- Allensworth hosting SpaceX livestream of launch event for Blue Ghost Mission 1 Lunar Landing
- Born: 1993 (age 32–33)
- Education: University of Texas at Austin (BS)
- Occupations: Business executive; Engineer;
- Organization: Vice President of Spacecraft at Firefly Aerospace
- Awards: Time 100 Next 2025

= Ray Allensworth =

American spacecraft business executive and engineer

Ray Allensworth is an American business executive and engineer who has served as the Vice President of Spacecraft at Firefly Aerospace since 2026. She previously served as the company's Spacecraft Program Director, where she worked on Blue Ghost Mission 1 in 2025. This mission was the first time a private company successfully landed a spacecraft on the moon. She was selected as a Time 100 Next that same year.

==Biography==

Allensworth earned her bachelor's degree from the University of Texas at Austin, where she studied civil engineering. She then went on to work at Northrop Grumman and Raytheon.

She moved back to Texas and took a job as a deputy program manager at Firefly Aerospace, working on the project that was then called 19D but since became known as Blue Ghost Mission 1, a mission focused on gathering lunar data.
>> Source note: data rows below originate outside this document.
text \<open>The computational basis of C^m is indexed by {0..<m}.
  A basis index of the n-fold tensor power (C^m)^{\<otimes>n} is an extensional function
  {0..<n} \<rightarrow> {0..<m} (register k carries the k-th tensor factor).
  An operator on (C^m)^{\<otimes>n} is given by its matrix entries, a function
  of two such indices (only values on the index set matter).
  An operator on C^m \<otimes> C^m is a function of two index pairs (a,b).\<close>

type_synonym opn = "(nat \<Rightarrow> nat) \<Rightarrow> (nat \<Rightarrow> nat) \<Rightarrow> complex"
type_synonym op2 = "nat \<times> nat \<Rightarrow> nat \<times> nat \<Rightarrow> complex"
type_synonym op1 = "nat \<Rightarrow> nat \<Rightarrow> complex"

definition idx :: "nat \<Rightarrow> nat \<Rightarrow> (nat \<Rightarrow> nat) set" where
  "idx m n = {0..<n} \<rightarrow>\<^sub>E {0..<m}"

definition hermitian_op :: "nat \<Rightarrow> nat \<Rightarrow> opn \<Rightarrow> bool" where
  "hermitian_op m n P \<longleftrightarrow> (\<forall>a\<in>idx m n. \<forall>b\<in>idx m n. P a b = cnj (P b a))"

definition trace_op :: "nat \<Rightarrow> nat \<Rightarrow> opn \<Rightarrow> complex" where
  "trace_op m n P = (\<Sum>a\<in>idx m n. P a a)"

definition inner_op :: "nat \<Rightarrow> nat \<Rightarrow> opn \<Rightarrow> opn \<Rightarrow> complex" where
  "inner_op m n X Y = (\<Sum>a\<in>idx m n. \<Sum>b\<in>idx m n. cnj (X b a) * Y b a) / of_nat (m ^ n)"

definition id_op :: opn where
  "id_op = (\<lambda>a b. if a = b then 1 else 0)"

definition var_op :: "nat \<Rightarrow> nat \<Rightarrow> opn \<Rightarrow> real" where
  "var_op m n M = Re (inner_op m n M M - inner_op m n M id_op * inner_op m n id_op M)"

text \<open>Noise operator on register k:
  P \<mapsto> r P + (1-r)/m (Tr_k P) \<otimes> id_m (id_m in register k).\<close>
definition noise1 :: "nat \<Rightarrow> nat \<Rightarrow> real \<Rightarrow> opn \<Rightarrow> opn" where
  "noise1 m k r P = (\<lambda>a b. complex_of_real r * P a b
      + complex_of_real ((1 - r) / real m) *
        (if a k = b k then (\<Sum>c<m. P (a(k := c)) (b(k := c))) else 0))"

fun noise_upto :: "nat \<Rightarrow> nat \<Rightarrow> real \<Rightarrow> opn \<Rightarrow> opn" where
  "noise_upto m 0 r P = P"
| "noise_upto m (Suc k) r P = noise1 m k r (noise_upto m k r P)"

definition noise :: "nat \<Rightarrow> nat \<Rightarrow> real \<Rightarrow> opn \<Rightarrow> opn" where
  "noise m n r P = noise_upto m n r P"

text \<open>Tr((P \<otimes> Q) \<psi>^{\<otimes>n}), where P acts on the A-registers A_1..A_n and Q on the
  B-registers B_1..B_n, and the k-th copy of \<psi> acts on A_k B_k.\<close>
definition corr_tr :: "nat \<Rightarrow> nat \<Rightarrow> opn \<Rightarrow> opn \<Rightarrow> op2 \<Rightarrow> complex" where
  "corr_tr m n P Q \<psi> =
     (\<Sum>a\<in>idx m n. \<Sum>b\<in>idx m n. \<Sum>a'\<in>idx m n. \<Sum>b'\<in>idx m n.
        P a a' * Q b b' * (\<Prod>k<n. \<psi> (a' k, b' k) (a k, b k)))"

definition density2 :: "nat \<Rightarrow> op2 \<Rightarrow> bool" where
  "density2 m \<psi> \<longleftrightarrow>
     (\<forall>v :: nat \<times> nat \<Rightarrow> complex.
        let q = (\<Sum>x\<in>{0..<m}\<times>{0..<m}. \<Sum>y\<in>{0..<m}\<times>{0..<m}. cnj (v x) * \<psi> x y * v y)
        in Im q = 0 \<and> Re q \<ge> 0)
   \<and> (\<Sum>x\<in>{0..<m}\<times>{0..<m}. \<psi> x x) = 1"

definition ptrace_B :: "nat \<Rightarrow> op2 \<Rightarrow> op1" where
  "ptrace_B m \<psi> = (\<lambda>a a'. \<Sum>b<m. \<psi> (a, b) (a', b))"

definition ptrace_A :: "nat \<Rightarrow> op2 \<Rightarrow> op1" where
  "ptrace_A m \<psi> = (\<lambda>b b'. \<Sum>a<m. \<psi> (a, b) (a, b'))"

definition maxmixed1 :: "nat \<Rightarrow> op1" where
  "maxmixed1 m = (\<lambda>a a'. if a = a' then 1 / of_nat m else 0)"

text \<open>We use the convention that the supremum of the
  empty family (which only happens for m = 1) is 0; since all values are \<ge> 0,
  adding 0 to the set does not change the supremum otherwise.\<close>
definition max_corr :: "nat \<Rightarrow> op2 \<Rightarrow> real" where
  "max_corr m \<psi> = Sup (insert 0 {cmod (\<Sum>a<m. \<Sum>b<m. \<Sum>a'<m. \<Sum>b'<m.
         cnj (P a' a) * Q b b' * \<psi> (a', b') (a, b)) | P Q :: op1.
       (\<Sum>a<m. P a a) = 0 \<and> (\<Sum>a<m. Q a a) = 0 \<and>
       (\<Sum>a<m. \<Sum>b<m. (cmod (P a b))\<^sup>2) / real m = 1 \<and>
       (\<Sum>a<m. \<Sum>b<m. (cmod (Q a b))\<^sup>2) / real m = 1})"

definition noisy_max_ent :: "nat \<Rightarrow> op2 \<Rightarrow> bool" where
  "noisy_max_ent m \<psi> \<longleftrightarrow> density2 m \<psi> \<and>
     (\<forall>a<m. \<forall>a'<m. ptrace_B m \<psi> a a' = maxmixed1 m a a') \<and>
     (\<forall>b<m. \<forall>b'<m. ptrace_A m \<psi> b b' = maxmixed1 m b b') \<and>
     max_corr m \<psi> < 1"

text \<open>The admissible range 1 - (1-\<epsilon>)^{log \<rho> / (log \<epsilon> + log \<rho>)}; for \<rho> = 0 the exponent
  is read as its limit 1, giving \<epsilon>.\<close>
definition gamma_bound :: "real \<Rightarrow> real \<Rightarrow> real" where
  "gamma_bound \<rho> \<epsilon> = (if \<rho> = 0 then \<epsilon> else 1 - (1 - \<epsilon>) powr (ln \<rho> / (ln \<epsilon> + ln \<rho>)))"

end

theory Submission
  imports Defs "HOL-Analysis.Convex"
begin

text \<open>Split \<open>P\<close> and \<open>Q\<close> into their Efron-Stein components \<open>P\<^sub>S\<close>, \<open>Q\<^sub>S\<close>, indexed by sets \<open>S\<close> of
  registers. The noise operator \<open>\<Delta>\<^sub>r\<close> multiplies the \<open>S\<close>-component by \<open>r\<^bsup>|S|\<^esup>\<close>, and components
  with different \<open>S\<close> stay orthogonal after contraction with \<open>\<psi>\<^bsup>\<otimes>n\<^esup>\<close>, so the difference of the
  two correlations is \<open>\<Sum>\<^sub>S\<^sub>\<noteq>\<^sub>{\<^sub>} (1 - r\<^bsup>2|S|\<^esup>) Tr ((P\<^sub>S \<otimes> Q\<^sub>S) \<psi>\<^bsup>\<otimes>n\<^esup>)\<close>.
  Contracting a traceless register against \<open>\<psi>\<close> shrinks the Frobenius norm by the maximal
  correlation \<open>\<rho>\<close>, so the \<open>S\<close>-term is at most \<open>\<rho>\<^bsup>|S|\<^esup> (1 - r\<^bsup>2|S|\<^esup>) m\<^sup>-\<^sup>n \<parallel>P\<^sub>S\<parallel> \<parallel>Q\<^sub>S\<parallel>\<close>.
  Both choices of \<open>\<gamma>\<close> make \<open>\<rho>\<^sup>d (1 - (1 - \<gamma>)\<^bsup>2d\<^esup>) \<le> 2\<epsilon>\<close> for every \<open>d\<close>, and Cauchy-Schwarz together
  with \<open>Var[P] = m\<^sup>-\<^sup>n \<Sum>\<^sub>S\<^sub>\<noteq>\<^sub>{\<^sub>} \<parallel>P\<^sub>S\<parallel>\<^sup>2\<close> gives the bound.\<close>

section \<open>Scalar estimates\<close>

lemma gamma_bound_le_eps:
  assumes "0 < \<epsilon>" "\<epsilon> < 1" "0 \<le> \<rho>" "\<rho> < 1"
  shows "gamma_bound \<rho> \<epsilon> \<le> \<epsilon>"
proof (cases "\<rho> = 0")
  case False
  then have "ln \<rho> < 0" "ln \<epsilon> < 0" using assms by simp_all
  then have "ln \<rho> / (ln \<epsilon> + ln \<rho>) \<le> 1" by (simp add: divide_le_eq)
  then have "(1 - \<epsilon>) powr 1 \<le> (1 - \<epsilon>) powr (ln \<rho> / (ln \<epsilon> + ln \<rho>))"
    by (intro powr_mono') (use assms in auto)
  then show ?thesis using False assms by (simp add: gamma_bound_def)
qed (simp add: gamma_bound_def)

lemma one_minus_eps_le_power_of_gamma_bound:
  assumes "0 < \<epsilon>" "\<epsilon> < 1" "0 \<le> \<rho>" "\<rho> < 1" "\<gamma> \<le> gamma_bound \<rho> \<epsilon>" "\<epsilon> < \<rho> ^ d"
  shows "1 - \<epsilon> \<le> (1 - \<gamma>) ^ d"
proof (cases "\<rho> = 0")
  case True
  then show ?thesis using assms by (cases d) simp_all
next
  case False
  then have "0 < \<rho>" using assms by simp
  define e where "e = ln \<rho> / (ln \<epsilon> + ln \<rho>)"
  have l: "ln \<rho> < 0" "ln \<epsilon> < 0" using \<open>0 < \<rho>\<close> assms by simp_all
  have "ln \<epsilon> < real d * ln \<rho>"
    using \<open>0 < \<rho>\<close> assms ln_less_cancel_iff[of \<epsilon> "\<rho> ^ d"] by (simp add: ln_realpow)
  then have "ln \<rho> * real d / (ln \<epsilon> + ln \<rho>) \<le> 1"
    using l by (simp add: divide_le_eq mult.commute)
  then have ed: "e * real d \<le> 1" by (simp add: e_def)
  have "1 - \<epsilon> = (1 - \<epsilon>) powr 1" using assms by simp
  also have "\<dots> \<le> (1 - \<epsilon>) powr (e * real d)"
    by (intro powr_mono') (use ed assms in auto)
  also have "\<dots> = ((1 - \<epsilon>) powr e) ^ d"
    using assms by (simp add: powr_realpow' powr_powr[symmetric] powr_def exp_of_nat_mult[symmetric] mult.commute)
  also have "\<dots> \<le> (1 - \<gamma>) ^ d"
    using False assms by (intro power_mono) (simp_all add: gamma_bound_def e_def)
  finally show ?thesis .
qed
She later became program manager for that same mission, before becoming Spacecraft Program Director for Firefly Aerospace by 2025.

As Spacecraft Program Director, her focus was still on Mission 1. The mission made history on March 2, 2025, when Blue Ghost Mission 1 became the first private spacecraft to successfully land on the moon. As Spacecraft Program Manager, she also became one of the media contacts. Since then, she focused on Blue Ghost Mission 2. Her stated goal is to shorten the time between launches until they reach a roughly annual cycle.

She was made one of the Time 100 Next in 2025: her profile was written by Jeffrey Kluger. She was also named one of the Via Satellite Rising Stars that same year.

On May 6, 2026, she was promoted to the role of Vice President of Aerospace.